A Rabbi Walked Into a Mexican Kitchen—and This Unique Restaurant Was Born
Before the neighborhoods of Los Angeles’ Eastside neighborhood became heavily Latino, the city’s Jewish community lived there. Although that demographic shift happened decades ago, chef Katsuji Tanabe has created a restaurant with cuisine inspired by both cultures—authentic Mexican flavors made according to Jewish dietary laws. Located in what’s currently a Jewish neighborhood, the restaurant, Mexikosher, is bringing tacos, burritos, and more to the kosher community for the first time.
“I opened the first kosher Mexican, so there was nothing before that—there was no point of reference,” he says in this second episode of Served.
Because Tanabe isn’t Jewish, he shares the kitchen with an important full-time staff member, Rabbi Hershel Rabbs. Under Rabbs’ watch, the vegetables are carefully washed, with any and all insects removed, and the supply of kosher meat is closely monitored.
Does all of the effort that goes into reimagining pork-loving Mexican food for a kosher clientele pay off? The customers think so.
“People, they come in here and they see that the food is authentic and it’s kosher,” says one young man, “and that acts as a bridge to allow them to take a glimpse into a world that they might have never thought they would look into before.”
If that means swapping out salmon for pork in pozole, so be it.
For the sauce:
4 guajillo peppers
2 cloves garlic
1 teaspoon ground cloves
1 teaspoon ground allspice
1 tablespoon ground cumin
1 teaspoon dried oregano
1 tablespoon olive oil
For the pozole:
1 clove garlic, sliced
12-ounce can hominy, drained
1 cactus (nopal) paddle, sliced
1 tablespoon fresh epazote
2 five-ounce wild salmon fillets
1 radish, sliced
Half a lime
Extra-virgin olive oil
Make the sauce: Preheat the oven to 350 degrees F.
Roast the peppers in the oven for 10 minutes and then soak in 4 cups of water for 30 minutes. Drain, reserve the soaking water, and then puree the peppers with the garlic and spices. Mix in enough of the soaking water to give the sauce a soup-like consistency.
Heat the olive oil in a frying pan and cook the sauce over medium-high heat, stirring constantly, until it thickens, about 6 minutes. Season with salt and set aside.
Make the pozole: In a frying pan, sauté the garlic in olive oil over a medium flame until golden brown. Add the hominy and the reserved guajillo sauce and bring to a boil. Reduce the heat and let simmer, stirring occasionally, about 10 minutes.

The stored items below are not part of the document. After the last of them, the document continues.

(* Let $E$ be a real Banach space, $K\subset E$ nonempty closed convex, $Y$ a real Banach space containing a closed, convex, pointed cone $C$ with nonempty interior, $f:E\times E\to Y$, $T:K\to\mathcal P(K)$, and $g\in\mathcal F$ satisfying H1–H4, with B1–B4 holding. Suppose $\{x^k\}$, $\{v^k\}$ and $\{w^k\}$ are the (infinite) sequences generated by Algorithm SEML. If these sequences are bounded, then $$\lim_{k\to\infty}\|v^{k+1}-v^k\|=\lim_{k\to\infty}\|v^k-x^k\|=\lim_{k\to\infty}\|x^k-w^k\|=0.$$
   Context: $C^+=\{z\in Y^*:\langle y,z\rangle\ge0\ \forall y\in C\}$; $y\preceq y'$ iff $y'-y\in C$; $C$-convex: $G(tx+(1-t)y)\preceq tG(x)+(1-t)G(y)$. $\mathcal F$: functions $g:E\to\mathbb R$ strictly convex, lower semicontinuous, Gâteaux differentiable with derivative $g'$. $D_g(x,y)=g(x)-g(y)-\langle x-y,g'(y)\rangle$; $v_g(x,t)=\inf\{D_g(y,x):\|y-x\|=t\}$. H1: level sets of $D_g(x,\cdot)$ bounded; H2: $\inf_{x\in A}v_g(x,t)>0$ for $t>0$, bounded $A$; H3: $g'$ uniformly continuous on bounded sets; H4: $\lim_{\|x\|\to\infty}(g(x)-\rho\|x-z\|)=\infty$ for all $z$, $\rho>0$. $\Pi^g_D(x)$: unique minimizer of $D_g(\cdot,x)$ over nonempty closed convex $D$. B1: $f(x,x)=0$. B2: $f$ uniformly continuous on bounded subsets of $E\times E$. B3: $f(x,\cdot)$ $C$-convex. B4: $T$ has nonempty closed convex values, is demiclosed ($x^k\rightharpoonup\bar x$, $d(x^k,T(x^k))\to0\Rightarrow\bar x\in T(\bar x)$), lower semicontinuous at each $\bar x\in K$ ($x^k\to\bar x$, $\bar y\in T(\bar x)\Rightarrow\exists y^k\in T(x^k)$, $y^k\to\bar y$), quasi $D_g$-nonexpansive ($S(x)=\Pi^g_{T(x)}(x)$ has a fixed point and $D_g(p,S(x))\le D_g(p,x)$ for all fixed points $p$ of $S$ and $x\in K$). $\mathrm{argmin}^C_w\{G(y):y\in Q\}$: $a\in Q$ with no $y\in Q$ such that $G(a)-G(y)\in\mathrm{int}(C)$. Algorithm SEML: parameters $v^0\in K$, $\delta,\theta\in(0,1)$, $\{\beta_k\}\subset[\hat\beta,\tilde\beta]$ with $0<\hat\beta\le\tilde\beta$, $\{\gamma_k\}\subset[\varepsilon,1]$, $\varepsilon\in(0,1]$, $\{e^k\}\subset\mathrm{int}(C)$, $e^k\to\bar e\in\mathrm{int}(C)$. Given $v^k$: $x^k=\Pi^g_{T(v^k)}(v^k)$; $z^k\in\mathrm{argmin}^C_w\{\beta_kf(x^k,y)+g(y)e^k-\langle y,g'(x^k)\rangle e^k:y\in T(v^k)\}$; stop if $z^k=v^k$; else $\ell(k)=\min\{\ell\ge0:-\beta_kf(y^\ell,x^k)+\beta_kf(y^\ell,z^k)+\delta D_g(z^k,x^k)e^k\notin\mathrm{int}(C)\}$, $y^\ell=\theta^\ell z^k+(1-\theta^\ell)x^k$; $\alpha_k=\theta^{\ell(k)}$; $y^k=\alpha_kz^k+(1-\alpha_k)x^k$; $H_k=\{y:f(y^k,y)\in-C\}$; $K_0=K\cap H_0$, $K_k=K_{k-1}\cap H_k$; $w^k=\Pi^g_{K_k}(x^k)$; $v^{k+1}=\Pi^g_{L_k\cap M_k\cap N_k}(v^0)$ with $L_k=\{z:\langle z-x^k,g'(x^k)-g'(w^k)\rangle\le-\gamma_kD_g(x^k,w^k)\}$, $M_k=\{z:\langle z-v^k,g'(v^k)-g'(x^k)\rangle\le-\gamma_kD_g(v^k,x^k)\}$, $N_k=\{z:\langle z-v^k,g'(v^0)-g'(v^k)\rangle\le0\}$. *)

theory Defs
  imports "HOL-Analysis.Analysis"
begin

definition strictly_convex :: "('a::real_vector \<Rightarrow> real) \<Rightarrow> bool" where
  "strictly_convex g \<longleftrightarrow>
     (\<forall>x y t. x \<noteq> y \<longrightarrow> 0 < t \<longrightarrow> t < 1 \<longrightarrow>
        g (t *\<^sub>R x + (1 - t) *\<^sub>R y) < t * g x + (1 - t) * g y)"

definition lsc :: "('a::topological_space \<Rightarrow> real) \<Rightarrow> bool" where
  "lsc g \<longleftrightarrow> (\<forall>x c. c < g x \<longrightarrow> eventually (\<lambda>y. c < g y) (at x))"

definition gateaux_deriv :: "('a::real_normed_vector \<Rightarrow> real) \<Rightarrow> ('a \<Rightarrow> ('a \<Rightarrow>\<^sub>L real)) \<Rightarrow> bool" where
  "gateaux_deriv g g' \<longleftrightarrow>
     (\<forall>x v. ((\<lambda>t. g (x + t *\<^sub>R v)) has_field_derivative blinfun_apply (g' x) v) (at 0))"

definition in_F :: "('a::real_normed_vector \<Rightarrow> real) \<Rightarrow> ('a \<Rightarrow> ('a \<Rightarrow>\<^sub>L real)) \<Rightarrow> bool" where
  "in_F g g' \<longleftrightarrow> strictly_convex g \<and> lsc g \<and> gateaux_deriv g g'"

definition Dg :: "('a::real_normed_vector \<Rightarrow> real) \<Rightarrow> ('a \<Rightarrow> ('a \<Rightarrow>\<^sub>L real)) \<Rightarrow> 'a \<Rightarrow> 'a \<Rightarrow> real" where
  "Dg g g' x y = g x - g y - blinfun_apply (g' y) (x - y)"

(* modulus of total convexity v_g(x,t), infimum in the extended reals (inf {} = +\<infinity>) *)
definition vg :: "('a::real_normed_vector \<Rightarrow> real) \<Rightarrow> ('a \<Rightarrow> ('a \<Rightarrow>\<^sub>L real)) \<Rightarrow> 'a \<Rightarrow> real \<Rightarrow> ereal" where
  "vg g g' x t = (INF y \<in> {y. norm (y - x) = t}. ereal (Dg g g' y x))"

Meanwhile, cook the cactus in another frying pan, sautéing in olive oil over high heat until just tender. Add in the epazote and cook until just wilted. Set aside.
Wipe out the pan and then cook the salmon, heavily seasoned with only salt, until medium rare.
Serve the salmon on top of the hominy and garnish with the cactus, sliced radish, a squirt of lime, and a drizzle of olive oil.